Anima Latina: Lucio Battisti

Anima Latina

It’s miserable outside; let’s stay in the sun. This is just incredible, a heady mix of Latin rhythms and progressive rock, like what would happen if Seu Jorge got high with Peter Gabriel in a samba bar. The truly incredible thing is that it was released in 1974, yet it sounds totally fresh. Although well known in his native Italy, Battisi, who died in 1998 deserved much wider acclaim.Totally indefinable, this is uplifting, soul-affirming music.

Sub-Rosa Subway: Klaatu

Sub-Rosa Subway

Klaatu have a fascinating history. Formed in 1973, they released 5 albums between 76 and 81. The first album was released to a generally disinterested public and it appeared that that was going to be that for the band. But then journalist Steve Smith wrote a piece positing the idea that Klaatu were, in fact, the recently disbanded Beatles, recording in disguise!

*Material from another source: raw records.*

lemma type_ring_inv: "(x::'a::field) \<noteq> 0 \<Longrightarrow> inv\<^bsub>type_ring\<^esub> x = inverse x"
proof -
  interpret field type_ring by (rule type_ring_field)
  assume "x \<noteq> 0"
  hence "x \<in> Units type_ring" using field_Units by auto
  hence "inv\<^bsub>type_ring\<^esub> x * x = 1" using Units_l_inv[of x] by simp
  thus ?thesis using \<open>x \<noteq> 0\<close> by (metis inverse_unique mult.commute)
qed

text \<open>HOL-Algebra polynomials are coefficient lists, highest degree first.\<close>
lemma type_ring_eval: "ring.eval type_ring p x = poly (Poly (rev p)) (x::'a::field)"
proof -
  interpret field type_ring by (rule type_ring_field)
  show ?thesis by (induction p) (auto simp: Poly_append poly_monom algebra_simps)
qed

lemma type_ring_subfield:
  assumes "is_subfield (E::'a::field set)" shows "subfield E type_ring"
proof -
  interpret field type_ring by (rule type_ring_field)
  show ?thesis
  proof (rule subfieldI'[OF subringI])
    fix x y assume "x \<in> E" "y \<in> E"
    thus "\<ominus>\<^bsub>type_ring\<^esub> x \<in> E" "x \<otimes>\<^bsub>type_ring\<^esub> y \<in> E" "x \<oplus>\<^bsub>type_ring\<^esub> y \<in> E"
      using assms unfolding is_subfield_def by auto
  next
    fix x assume "x \<in> E - {\<zero>\<^bsub>type_ring\<^esub>}"
    thus "inv\<^bsub>type_ring\<^esub> x \<in> E" using assms unfolding is_subfield_def by (auto simp: type_ring_inv)
  qed (use assms in \<open>auto simp: is_subfield_def\<close>)
qed

lemma algebraic_over_imp_algebraic:
  assumes E: "is_subfield (E::'a::field set)" and "algebraic_over E x"
  shows "ring.algebraic type_ring E x"
proof -
  interpret field type_ring by (rule type_ring_field)
  obtain p where p: "p \<noteq> 0" "poly_over E p" "poly p x = 0"
    using assms(2) unfolding algebraic_over_def by blast
  let ?q = "rev (coeffs p)"
  have q: "?q \<in> carrier (E[X]\<^bsub>type_ring\<^esub>)"
    using p unfolding univ_poly_carrier[symmetric] polynomial_def poly_over_def
    by (auto simp: coeffs_def hd_rev last_map)
  have zero: "[] \<in> carrier (E[X]\<^bsub>type_ring\<^esub>)"
    unfolding univ_poly_carrier[symmetric] polynomial_def by auto
  have "eval ?q x = eval [] x" "?q \<noteq> []" using p by (simp_all add: type_ring_eval)
  thus ?thesis using q zero unfolding transcendental_def inj_on_def by blast
qed

lemma algebraic_imp_algebraic_over:
  assumes E: "is_subfield (E::'a::field set)" and "ring.algebraic type_ring E x"
  shows "algebraic_over E x"
proof -
  interpret field type_ring by (rule type_ring_field)
  obtain p where p: "p \<in> carrier (E[X]\<^bsub>type_ring\<^esub>)" "p \<noteq> []" "eval p x = 0"
    using algebraicE[OF subfieldE(1)[OF type_ring_subfield[OF E]], of x] assms(2) by (auto simp: over_def)
  have lead: "hd p \<noteq> 0" and coeffs: "set p \<subseteq> E"
    using p unfolding univ_poly_carrier[symmetric] polynomial_def by auto
  have "Poly (rev p) \<noteq> 0"
  proof
    assume "Poly (rev p) = 0"
    then obtain n where "rev p = replicate n 0" by (auto simp: Poly_eq_0)
    thus False using lead p(2) by (metis last_replicate last_rev rev_is_Nil_conv replicate_empty)
  qed
  moreover have "poly_over E (Poly (rev p))"
    using coeffs is_subfieldD(1)[OF E] unfolding poly_over_def
    by (auto simp: nth_default_def) (metis length_rev nth_mem set_rev subsetD)
  moreover have "poly (Poly (rev p)) x = 0" using p(3) type_ring_eval[of p x] by simp
  ultimately show ?thesis unfolding algebraic_over_def by blast
qed

theorem alg_closure_in_is_subfield:
  assumes E: "is_subfield (E::'a::field set)" shows "is_subfield (alg_closure_in E)"
proof -
  interpret field type_ring by (rule type_ring_field)
  have "{x \<in> carrier type_ring. (algebraic over E) x} = alg_closure_in E"
    using algebraic_over_imp_algebraic[OF E] algebraic_imp_algebraic_over[OF E]
    by (auto simp: over_def alg_closure_in_def)
  hence S: "subfield (alg_closure_in E) type_ring"
    using subfield_of_algebraics[OF type_ring_subfield[OF E]] by simp
  note R = subfieldE(1)[OF S]
  have "inverse x \<in> alg_closure_in E" if x: "x \<in> alg_closure_in E" for x
  proof (cases "x = 0")
    case True thus ?thesis using subringE(2)[OF R] by simp
  next
    case False thus ?thesis using subfield_m_inv(1)[OF S, of x] x type_ring_inv[OF False] by simp
  qed
  thus ?thesis using subringE(2,3,5,6,7)[OF R] unfolding is_subfield_def by simp
qed

section \<open>Linear polynomials and conjugation\<close>

lemma linear_poly_coeffs:
  assumes "degree (l::'a::field poly) = 1"
  shows "l = [:coeff l 0, coeff l 1:]" "coeff l 1 \<noteq> 0"
proof -
  show "coeff l 1 \<noteq> 0" using assms leading_coeff_0_iff[of l] by auto
  show "l = [:coeff l 0, coeff l 1:]"
  proof (rule poly_eqI)
    fix n show "coeff l n = coeff [:coeff l 0, coeff l 1:] n"
      using assms by (cases n; cases "n - 1") (auto simp: coeff_eq_0)
  qed
qed

lemma poly_linear: "degree (l::'a::field poly) = 1 \<Longrightarrow> poly l z = coeff l 0 + coeff l 1 * z"
  by (subst linear_poly_coeffs(1)) simp_all

lemma poly_lin_inv: "poly (lin_inv l) z = (z - coeff l 0) / coeff l 1"
  unfolding lin_inv_def by (simp add: diff_divide_distrib)

lemma poly_conj_lin: "poly (conj_lin l phi) z = poly l (poly phi (poly (lin_inv l) z))"
  unfolding conj_lin_def by (simp add: poly_pcompose)

lemma conj_lin_intertwines:
  assumes "degree (l::'a::field poly) = 1"
  shows "poly l (poly f w) = poly (conj_lin l f) (poly l w)"
proof -
  have "poly (lin_inv l) (poly l w) = w"
    using linear_poly_coeffs(2)[OF assms] by (simp add: poly_linear[OF assms] poly_lin_inv)
  thus ?thesis by (simp add: poly_conj_lin)
qed

text \<open>Characteristic 0 lets us identify polynomials with their polynomial functions.\<close>
lemma conj_lin_change:
  fixes l m g :: "'a::field_char_0 poly"
  assumes l: "degree l = 1" and m: "degree m = 1" and "r \<noteq> 0"
    and rel: "\<And>z. poly m z = s + r * poly l z"
  shows "conj_lin l g = pcompose [:- s / r, 1 / r:] (pcompose (conj_lin m g) [:s, r:])"
proof (rule poly_ext)
  fix z
  have "poly (lin_inv m) (s + r * z) = poly (lin_inv l) z"
    using rel[of 0] rel[of 1] \<open>r \<noteq> 0\<close> linear_poly_coeffs(2)[OF l] linear_poly_coeffs(2)[OF m]
    unfolding poly_lin_inv poly_linear[OF l] poly_linear[OF m] by (simp add: field_simps)
  hence "poly (pcompose [:- s / r, 1 / r:] (pcompose (conj_lin m g) [:s, r:])) z
      = - s / r + poly m (poly g (poly (lin_inv l) z)) / r"
    by (simp add: poly_pcompose poly_conj_lin mult.commute[of z r])
  also have "\<dots> = poly (conj_lin l g) z"
    unfolding rel poly_conj_lin using \<open>r \<noteq> 0\<close> by (simp add: field_simps)
  finally show "poly (conj_lin l g) z = poly (pcompose [:- s / r, 1 / r:] (pcompose (conj_lin m g) [:s, r:])) z" ..
qed

section \<open>Orbits and rigidity of linear maps\<close>

lemma orbit_image_in:
  assumes A: "is_subfield A" and l: "degree l = 1"
    and F: "poly_over A (conj_lin l f)" and x0: "poly l x0 \<in> A"
    and z: "z \<in> orbit f x0"
  shows "poly l z \<in> A"
proof -
  have "poly l ((poly f ^^ n) x0) \<in> A" for n
    by (induction n) (auto simp: x0 conj_lin_intertwines[OF l] intro!: poly_over_poly_in[OF A F])
  thus ?thesis using z unfolding orbit_def by auto
qed

lemma linear_maps_related_over:
  fixes l m :: "'a::field poly"
  assumes A: "is_subfield A" and l: "degree l = 1" and m: "degree m = 1"
    and "z1 \<noteq> z2" and in_A: "poly l z1 \<in> A" "poly l z2 \<in> A" "poly m z1 \<in> A" "poly m z2 \<in> A"
  obtains r s where "r \<in> A" "s \<in> A" "r \<noteq> 0" "\<And>z. poly m z = s + r * poly l z"
proof -
  define r where "r = coeff m 1 / coeff l 1"
  define s where "s = coeff m 0 - r * coeff l 0"
  note b = linear_poly_coeffs(2)[OF l] and d = linear_poly_coeffs(2)[OF m]
  have rel: "poly m z = s + r * poly l z" for z
    unfolding s_def r_def poly_linear[OF l] poly_linear[OF m] using b by (simp add: field_simps)
  have "r = (poly m z1 - poly m z2) / (poly l z1 - poly l z2)"
    using \<open>z1 \<noteq> z2\<close> b d unfolding rel poly_linear[OF l] by (simp add: field_simps)
  hence "r \<in> A" using in_A A by (simp add: is_subfield_divide is_subfield_diff)
  moreover have "s \<in> A"
    using rel[of z1] in_A \<open>r \<in> A\<close> A is_subfield_diff[OF A] is_subfieldD(4)[OF A]
    by (metis add_diff_cancel_right')
  moreover have "r \<noteq> 0" using b d by (simp add: r_def)
  ultimately show ?thesis using that rel by blast
qed

lemma common_conjugator:
  fixes f g :: "'a::field_char_0 poly"
  assumes A: "is_subfield A"
    and l: "degree l = 1" "poly_over A (conj_lin l f)" "poly l x0 \<in> A"
    and m: "degree m = 1" "poly_over A (conj_lin m g)" "poly m y0 \<in> A"
    and z: "z1 \<in> orbit f x0 \<inter> orbit g y0" "z2 \<in> orbit f x0 \<inter> orbit g y0" "z1 \<noteq> z2"
  shows "poly_over A (conj_lin l g) \<and> poly l y0 \<in> A"
proof -
  obtain r s where rs: "r \<in> A" "s \<in> A" "r \<noteq> 0" and rel: "\<And>z. poly m z = s + r * poly l z"
    using linear_maps_related_over[OF A l(1) m(1) z(3)]
      orbit_image_in[OF A l] orbit_image_in[OF A m] z by blast
  have "poly_over A (conj_lin l g)"
    unfolding conj_lin_change[OF l(1) m(1) rs(3) rel]
    using A m(2) rs by (auto intro!: poly_over_pcompose poly_over_0 is_subfield_divide is_subfieldD)
  moreover have "poly l y0 = (poly m y0 - s) / r" using rel[of y0] rs(3) by (simp add: field_simps)
  hence "poly l y0 \<in> A" using m(3) rs A by (simp add: is_subfield_divide is_subfield_diff)
  ultimately show ?thesis by blast
qed

lemma infinite_two_points:
  assumes "infinite S" obtains z1 z2 where "z1 \<in> S" "z2 \<in> S" "z1 \<noteq> z2"
proof -
  obtain z1 where "z1 \<in> S" using assms infinite_imp_nonempty by blast
  moreover obtain z2 where "z2 \<in> S - {z1}" using assms infinite_imp_nonempty[of "S - {z1}"] by auto
  ultimately show ?thesis using that by blast
qed

theorem mainTheorem14:
  fixes K E :: "'a :: {alg_closed_field, field_char_0} set"
    and f g :: "'a poly" and x0 y0 :: 'a
  assumes "is_subfield K" and "\<forall>x. algebraic_over K x"
    and "is_subfield E" and "E \<subseteq> K"
    and "poly_over K f" and "poly_over K g"
    and "degree f > 1" and "degree g > 1"
    and "x0 \<in> K" and "y0 \<in> K"
    and "isotrivial E f x0" and "isotrivial E g y0"
    and "infinite (orbit f x0 \<inter> orbit g y0)"
  shows "\<exists>\<mu>. degree \<mu> = 1 \<and>
           poly_over (alg_closure_in E) (conj_lin \<mu> f) \<and>
           poly_over (alg_closure_in E) (conj_lin \<mu> g) \<and>
           poly \<mu> x0 \<in> alg_closure_in E \<and> poly \<mu> y0 \<in> alg_closure_in E"
proof -
  have A: "is_subfield (alg_closure_in E)" using alg_closure_in_is_subfield[OF assms(3)] .
  obtain l where l: "degree l = 1" "poly_over (alg_closure_in E) (conj_lin l f)"
      "poly l x0 \<in> alg_closure_in E"
    using assms(11) unfolding isotrivial_def by blast
  obtain m where m: "degree m = 1" "poly_over (alg_closure_in E) (conj_lin m g)"
      "poly m y0 \<in> alg_closure_in E"
    using assms(12) unfolding isotrivial_def by blast
  obtain z1 z2 where "z1 \<in> orbit f x0 \<inter> orbit g y0" "z2 \<in> orbit f x0 \<inter> orbit g y0" "z1 \<noteq> z2"
    using infinite_two_points[OF assms(13)] by blast
  with common_conjugator[OF A l m] show ?thesis using l by blast
qed

end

Enough people bought the idea, and the records started to sell, until the cover was blown and the public, unhappy at being duped (although the band did nothing to stimulate the rumours), dropped them like a stone. Which leaves the records. This comes from the first album, and you can hear why the idea gained some traction back then. If you close your eyes, you can imagine that this is a song recorded in the heady days of the early 70s, in the afterglow of Abbey Road. Their other claim to fame? Weirdly, The Carpenters had a hit single with the band’s ‘Calling Occupants of Interplanetary Craft’, taken from the same album. Got to love the 70s…

Stoned at the Nail Salon: Lorde

Stoned at the Nail Salon

Pretty song. Reflections on time passing from someone who has plenty of time still to reflect on it. This works especially well if you put it on headphones and pretend it’s a late summer evening, and you’re outside, and the sun is warm, and bees are humming lazily around you.

Hope that’s put you in the right place to deal with February!